lemma inj_on_extend_PiE: "inj_on (\<lambda>h i. if i \<in> T then h i else d) (T \<rightarrow>\<^sub>E V)"
proof (rule inj_onI)
  fix h h' assume h: "h \<in> (T \<rightarrow>\<^sub>E V)" and h': "h' \<in> (T \<rightarrow>\<^sub>E V)"
    and eq: "(\<lambda>i. if i \<in> T then h i else d) = (\<lambda>i. if i \<in> T then h' i else d)"
  show "h = h'"
  proof (rule PiE_ext[OF h h'])
    fix i assume "i \<in> T" then show "h i = h' i" using fun_cong[OF eq, of i] by simp
  qed
qed

lemma finite_funcs_on: "finite T \<Longrightarrow> finite V \<Longrightarrow> finite (funcs_on T V d)"
  unfolding funcs_on_eq_image_PiE by (intro finite_imageI finite_PiE)

lemma sum_prod_funcs_on:
  fixes g :: "nat \<Rightarrow> 'v \<Rightarrow> 'a::comm_semiring_1"
  assumes "finite T" "finite V"
  shows "(\<Sum>f\<in>funcs_on T V d. \<Prod>i\<in>T. g i (f i)) = (\<Prod>i\<in>T. \<Sum>v\<in>V. g i v)"
proof -
  have "(\<Sum>f\<in>funcs_on T V d. \<Prod>i\<in>T. g i (f i)) = (\<Sum>h\<in>(T \<rightarrow>\<^sub>E V). \<Prod>i\<in>T. g i (h i))"
    unfolding funcs_on_eq_image_PiE sum.reindex[OF inj_on_extend_PiE]
    by (intro sum.cong refl prod.cong) auto
  also have "\<dots> = (\<Prod>i\<in>T. \<Sum>v\<in>V. g i v)"
    using assms by (simp add: prod_sum_PiE)
  finally show ?thesis .
qed

lemma finite_bits_on: "finite T \<Longrightarrow> finite (bits_on T)"
  unfolding bits_on_eq_funcs_on by (simp add: finite_funcs_on)

lemma finite_paulis_on: "finite T \<Longrightarrow> finite (paulis_on T)"
  unfolding paulis_on_eq_funcs_on by (simp add: finite_funcs_on)

definition hs_inner :: "nat set \<Rightarrow> qmat \<Rightarrow> qmat \<Rightarrow> complex" where
  "hs_inner T A B = (\<Sum>a\<in>bits_on T. \<Sum>b\<in>bits_on T. cnj (A a b) * B a b)"

lemma hs_inner_sum_right:
  "hs_inner T A (\<lambda>a b. \<Sum>x\<in>X. c x * B x a b) = (\<Sum>x\<in>X. c x * hs_inner T A (B x))"
  unfolding hs_inner_def sum_distrib_left
  by (simp add: mult_ac sum.swap[of _ X])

———

▶ What the task requires: Restate the records above in full, keeping each line exactly as it stands.

▶ Solution:
lemma inj_on_extend_PiE: "inj_on (\<lambda>h i. if i \<in> T then h i else d) (T \<rightarrow>\<^sub>E V)"
proof (rule inj_onI)
  fix h h' assume h: "h \<in> (T \<rightarrow>\<^sub>E V)" and h': "h' \<in> (T \<rightarrow>\<^sub>E V)"
    and eq: "(\<lambda>i. if i \<in> T then h i else d) = (\<lambda>i. if i \<in> T then h' i else d)"
  show "h = h'"
  proof (rule PiE_ext[OF h h'])
    fix i assume "i \<in> T" then show "h i = h' i" using fun_cong[OF eq, of i] by simp
  qed
qed

lemma finite_funcs_on: "finite T \<Longrightarrow> finite V \<Longrightarrow> finite (funcs_on T V d)"
  unfolding funcs_on_eq_image_PiE by (intro finite_imageI finite_PiE)

lemma sum_prod_funcs_on:
  fixes g :: "nat \<Rightarrow> 'v \<Rightarrow> 'a::comm_semiring_1"
  assumes "finite T" "finite V"
  shows "(\<Sum>f\<in>funcs_on T V d. \<Prod>i\<in>T. g i (f i)) = (\<Prod>i\<in>T. \<Sum>v\<in>V. g i v)"
proof -
  have "(\<Sum>f\<in>funcs_on T V d. \<Prod>i\<in>T. g i (f i)) = (\<Sum>h\<in>(T \<rightarrow>\<^sub>E V). \<Prod>i\<in>T. g i (h i))"
    unfolding funcs_on_eq_image_PiE sum.reindex[OF inj_on_extend_PiE]
    by (intro sum.cong refl prod.cong) auto
  also have "\<dots> = (\<Prod>i\<in>T. \<Sum>v\<in>V. g i v)"
    using assms by (simp add: prod_sum_PiE)
  finally show ?thesis .
qed

lemma finite_bits_on: "finite T \<Longrightarrow> finite (bits_on T)"
  unfolding bits_on_eq_funcs_on by (simp add: finite_funcs_on)

lemma finite_paulis_on: "finite T \<Longrightarrow> finite (paulis_on T)"
  unfolding paulis_on_eq_funcs_on by (simp add: finite_funcs_on)

definition hs_inner :: "nat set \<Rightarrow> qmat \<Rightarrow> qmat \<Rightarrow> complex" where
  "hs_inner T A B = (\<Sum>a\<in>bits_on T. \<Sum>b\<in>bits_on T. cnj (A a b) * B a b)"

lemma hs_inner_sum_right:
  "hs_inner T A (\<lambda>a b. \<Sum>x\<in>X. c x * B x a b) = (\<Sum>x\<in>X. c x * hs_inner T A (B x))"
  unfolding hs_inner_def sum_distrib_left
  by (simp add: mult_ac sum.swap[of _ X])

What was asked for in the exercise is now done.